Input material
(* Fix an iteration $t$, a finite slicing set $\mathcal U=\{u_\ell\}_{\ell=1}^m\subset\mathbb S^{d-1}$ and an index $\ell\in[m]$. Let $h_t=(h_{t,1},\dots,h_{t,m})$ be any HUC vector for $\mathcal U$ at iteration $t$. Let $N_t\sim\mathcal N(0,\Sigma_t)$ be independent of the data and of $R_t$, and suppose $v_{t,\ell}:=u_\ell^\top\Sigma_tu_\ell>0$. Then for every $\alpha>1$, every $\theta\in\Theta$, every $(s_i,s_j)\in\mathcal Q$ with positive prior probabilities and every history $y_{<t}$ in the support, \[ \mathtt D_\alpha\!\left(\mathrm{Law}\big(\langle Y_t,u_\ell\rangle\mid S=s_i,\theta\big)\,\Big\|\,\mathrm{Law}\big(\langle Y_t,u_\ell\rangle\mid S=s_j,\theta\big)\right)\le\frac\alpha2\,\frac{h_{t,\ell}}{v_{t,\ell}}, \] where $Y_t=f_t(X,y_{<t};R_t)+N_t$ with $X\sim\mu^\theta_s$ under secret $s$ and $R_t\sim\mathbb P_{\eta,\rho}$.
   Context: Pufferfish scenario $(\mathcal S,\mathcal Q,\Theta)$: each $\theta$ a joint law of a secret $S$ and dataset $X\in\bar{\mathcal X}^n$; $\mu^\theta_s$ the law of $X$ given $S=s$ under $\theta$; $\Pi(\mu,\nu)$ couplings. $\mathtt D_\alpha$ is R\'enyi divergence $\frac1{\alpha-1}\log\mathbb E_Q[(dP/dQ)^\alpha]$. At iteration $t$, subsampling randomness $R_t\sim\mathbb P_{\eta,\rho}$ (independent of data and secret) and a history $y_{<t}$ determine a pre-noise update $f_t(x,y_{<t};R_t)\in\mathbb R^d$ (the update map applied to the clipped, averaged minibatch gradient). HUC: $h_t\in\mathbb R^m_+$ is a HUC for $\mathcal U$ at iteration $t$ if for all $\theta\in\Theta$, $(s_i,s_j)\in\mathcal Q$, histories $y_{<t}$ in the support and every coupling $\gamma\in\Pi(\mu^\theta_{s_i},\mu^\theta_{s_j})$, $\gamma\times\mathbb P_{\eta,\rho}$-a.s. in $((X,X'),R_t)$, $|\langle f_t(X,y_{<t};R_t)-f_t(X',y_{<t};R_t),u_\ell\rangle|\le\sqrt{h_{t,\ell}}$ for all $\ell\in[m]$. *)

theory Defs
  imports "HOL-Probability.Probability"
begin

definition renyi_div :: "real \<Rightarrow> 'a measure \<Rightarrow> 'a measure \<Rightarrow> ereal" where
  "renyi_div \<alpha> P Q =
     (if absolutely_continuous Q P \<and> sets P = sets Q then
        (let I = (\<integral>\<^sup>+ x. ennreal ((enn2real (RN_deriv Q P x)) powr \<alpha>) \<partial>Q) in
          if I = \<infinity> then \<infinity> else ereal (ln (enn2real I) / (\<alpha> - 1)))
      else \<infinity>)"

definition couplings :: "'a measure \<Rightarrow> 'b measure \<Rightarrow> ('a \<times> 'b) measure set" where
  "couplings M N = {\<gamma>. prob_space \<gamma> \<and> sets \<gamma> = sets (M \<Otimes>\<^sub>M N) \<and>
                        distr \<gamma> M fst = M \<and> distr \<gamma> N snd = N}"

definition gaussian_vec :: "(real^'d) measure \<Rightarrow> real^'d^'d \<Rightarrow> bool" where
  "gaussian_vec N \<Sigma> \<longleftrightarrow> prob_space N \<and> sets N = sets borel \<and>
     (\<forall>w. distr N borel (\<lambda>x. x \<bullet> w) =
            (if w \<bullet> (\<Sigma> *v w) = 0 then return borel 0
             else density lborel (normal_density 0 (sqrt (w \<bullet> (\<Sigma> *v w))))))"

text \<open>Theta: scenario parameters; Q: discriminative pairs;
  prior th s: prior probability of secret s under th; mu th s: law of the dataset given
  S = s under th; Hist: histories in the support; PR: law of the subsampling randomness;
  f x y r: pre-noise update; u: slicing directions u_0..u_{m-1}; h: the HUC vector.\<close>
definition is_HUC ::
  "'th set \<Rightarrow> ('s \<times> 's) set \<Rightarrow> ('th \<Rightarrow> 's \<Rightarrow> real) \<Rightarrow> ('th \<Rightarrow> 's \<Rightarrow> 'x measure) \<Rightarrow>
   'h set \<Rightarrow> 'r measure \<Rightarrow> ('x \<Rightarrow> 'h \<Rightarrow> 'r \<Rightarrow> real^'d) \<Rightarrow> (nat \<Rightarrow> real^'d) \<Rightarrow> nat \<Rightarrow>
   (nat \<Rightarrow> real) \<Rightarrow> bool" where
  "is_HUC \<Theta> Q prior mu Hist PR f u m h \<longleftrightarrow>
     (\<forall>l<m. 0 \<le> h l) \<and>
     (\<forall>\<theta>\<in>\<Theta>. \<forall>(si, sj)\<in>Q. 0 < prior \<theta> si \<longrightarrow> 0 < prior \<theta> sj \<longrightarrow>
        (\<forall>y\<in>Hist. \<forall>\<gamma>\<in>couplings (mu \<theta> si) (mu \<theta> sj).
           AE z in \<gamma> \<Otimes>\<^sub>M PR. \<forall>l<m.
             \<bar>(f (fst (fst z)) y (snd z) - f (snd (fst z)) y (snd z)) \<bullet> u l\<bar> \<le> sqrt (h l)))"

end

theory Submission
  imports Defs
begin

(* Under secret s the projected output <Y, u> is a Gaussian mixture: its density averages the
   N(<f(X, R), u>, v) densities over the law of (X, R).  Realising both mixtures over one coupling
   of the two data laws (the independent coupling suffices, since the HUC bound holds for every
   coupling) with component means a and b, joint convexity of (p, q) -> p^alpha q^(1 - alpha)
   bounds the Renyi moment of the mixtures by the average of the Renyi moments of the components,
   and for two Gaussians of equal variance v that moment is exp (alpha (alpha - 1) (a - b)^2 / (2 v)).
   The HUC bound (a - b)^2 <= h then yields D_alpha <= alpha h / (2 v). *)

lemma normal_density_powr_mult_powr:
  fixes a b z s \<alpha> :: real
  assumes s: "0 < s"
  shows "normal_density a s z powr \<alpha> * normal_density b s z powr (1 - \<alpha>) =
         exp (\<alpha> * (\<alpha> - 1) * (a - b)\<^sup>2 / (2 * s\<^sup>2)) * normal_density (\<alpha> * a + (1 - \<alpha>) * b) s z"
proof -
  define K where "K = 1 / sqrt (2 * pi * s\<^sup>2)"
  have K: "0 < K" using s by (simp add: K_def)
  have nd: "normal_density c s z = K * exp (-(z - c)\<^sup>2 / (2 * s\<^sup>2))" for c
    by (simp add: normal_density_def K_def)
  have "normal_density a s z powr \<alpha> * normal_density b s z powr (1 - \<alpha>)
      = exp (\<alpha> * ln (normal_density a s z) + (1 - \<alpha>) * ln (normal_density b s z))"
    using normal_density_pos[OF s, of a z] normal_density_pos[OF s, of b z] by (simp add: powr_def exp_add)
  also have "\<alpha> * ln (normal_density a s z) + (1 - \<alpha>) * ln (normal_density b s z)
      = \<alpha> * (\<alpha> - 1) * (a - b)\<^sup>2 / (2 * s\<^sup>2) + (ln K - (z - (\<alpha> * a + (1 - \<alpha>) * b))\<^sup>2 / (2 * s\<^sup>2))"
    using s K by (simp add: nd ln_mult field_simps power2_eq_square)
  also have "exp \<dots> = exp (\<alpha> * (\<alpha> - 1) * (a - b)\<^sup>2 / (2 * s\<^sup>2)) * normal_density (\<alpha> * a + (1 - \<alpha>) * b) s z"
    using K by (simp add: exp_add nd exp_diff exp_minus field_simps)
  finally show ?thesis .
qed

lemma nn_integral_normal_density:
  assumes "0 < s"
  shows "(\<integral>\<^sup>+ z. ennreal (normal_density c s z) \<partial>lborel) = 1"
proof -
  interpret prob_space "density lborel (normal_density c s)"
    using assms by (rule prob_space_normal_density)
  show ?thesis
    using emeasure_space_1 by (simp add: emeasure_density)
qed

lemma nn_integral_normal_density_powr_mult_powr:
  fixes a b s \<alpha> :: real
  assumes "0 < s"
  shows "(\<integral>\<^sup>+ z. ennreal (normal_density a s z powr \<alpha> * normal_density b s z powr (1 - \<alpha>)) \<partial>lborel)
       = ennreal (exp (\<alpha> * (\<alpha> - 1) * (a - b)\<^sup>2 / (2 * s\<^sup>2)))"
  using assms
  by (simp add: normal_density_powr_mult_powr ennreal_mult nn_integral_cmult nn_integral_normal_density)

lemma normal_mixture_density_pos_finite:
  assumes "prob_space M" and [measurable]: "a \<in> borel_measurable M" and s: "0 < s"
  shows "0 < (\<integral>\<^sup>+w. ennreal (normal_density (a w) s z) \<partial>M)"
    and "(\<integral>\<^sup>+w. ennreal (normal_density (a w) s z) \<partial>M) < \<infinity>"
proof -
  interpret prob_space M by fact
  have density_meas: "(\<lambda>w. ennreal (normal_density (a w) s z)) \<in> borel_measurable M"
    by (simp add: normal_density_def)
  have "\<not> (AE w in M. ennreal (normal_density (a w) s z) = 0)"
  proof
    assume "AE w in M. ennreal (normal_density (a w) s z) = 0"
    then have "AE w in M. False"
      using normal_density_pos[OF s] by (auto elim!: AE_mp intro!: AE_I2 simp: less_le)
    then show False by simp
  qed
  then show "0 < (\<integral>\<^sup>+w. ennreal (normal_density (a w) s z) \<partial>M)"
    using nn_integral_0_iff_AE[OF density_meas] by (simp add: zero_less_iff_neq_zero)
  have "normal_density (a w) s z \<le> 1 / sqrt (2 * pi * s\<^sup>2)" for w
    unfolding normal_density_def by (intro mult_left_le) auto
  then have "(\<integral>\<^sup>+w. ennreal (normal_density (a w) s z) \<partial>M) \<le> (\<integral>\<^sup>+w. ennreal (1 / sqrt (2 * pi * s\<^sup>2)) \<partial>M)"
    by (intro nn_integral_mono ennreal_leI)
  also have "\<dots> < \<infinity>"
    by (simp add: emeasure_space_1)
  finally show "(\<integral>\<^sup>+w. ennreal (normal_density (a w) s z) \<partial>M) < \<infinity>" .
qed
--
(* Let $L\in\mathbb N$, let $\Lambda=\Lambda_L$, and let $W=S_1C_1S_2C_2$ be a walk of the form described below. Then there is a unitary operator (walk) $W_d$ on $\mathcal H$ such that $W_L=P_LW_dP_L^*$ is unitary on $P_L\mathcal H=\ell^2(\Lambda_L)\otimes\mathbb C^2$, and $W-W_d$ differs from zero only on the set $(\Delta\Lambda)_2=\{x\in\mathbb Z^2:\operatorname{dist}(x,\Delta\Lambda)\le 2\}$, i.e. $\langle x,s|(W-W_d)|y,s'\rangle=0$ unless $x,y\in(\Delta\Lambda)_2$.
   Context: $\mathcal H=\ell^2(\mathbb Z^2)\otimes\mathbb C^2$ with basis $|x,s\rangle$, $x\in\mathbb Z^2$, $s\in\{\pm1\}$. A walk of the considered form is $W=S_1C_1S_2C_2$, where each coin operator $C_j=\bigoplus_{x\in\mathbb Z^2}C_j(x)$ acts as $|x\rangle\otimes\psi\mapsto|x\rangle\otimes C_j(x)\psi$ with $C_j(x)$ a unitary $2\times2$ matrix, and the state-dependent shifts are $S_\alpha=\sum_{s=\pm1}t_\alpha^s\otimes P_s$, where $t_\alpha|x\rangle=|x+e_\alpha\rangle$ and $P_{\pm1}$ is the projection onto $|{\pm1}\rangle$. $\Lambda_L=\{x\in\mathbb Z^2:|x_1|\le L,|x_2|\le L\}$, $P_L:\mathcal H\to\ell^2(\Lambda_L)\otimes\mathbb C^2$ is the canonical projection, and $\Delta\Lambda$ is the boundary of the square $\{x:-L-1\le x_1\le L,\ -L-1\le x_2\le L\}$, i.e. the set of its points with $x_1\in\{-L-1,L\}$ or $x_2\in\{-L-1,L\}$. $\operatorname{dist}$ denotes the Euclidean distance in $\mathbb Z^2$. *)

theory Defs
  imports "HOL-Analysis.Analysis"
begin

Problem description
The word "bullet" may appear on some lines of these records; state how many such lines there are, and nothing else.

Response area
4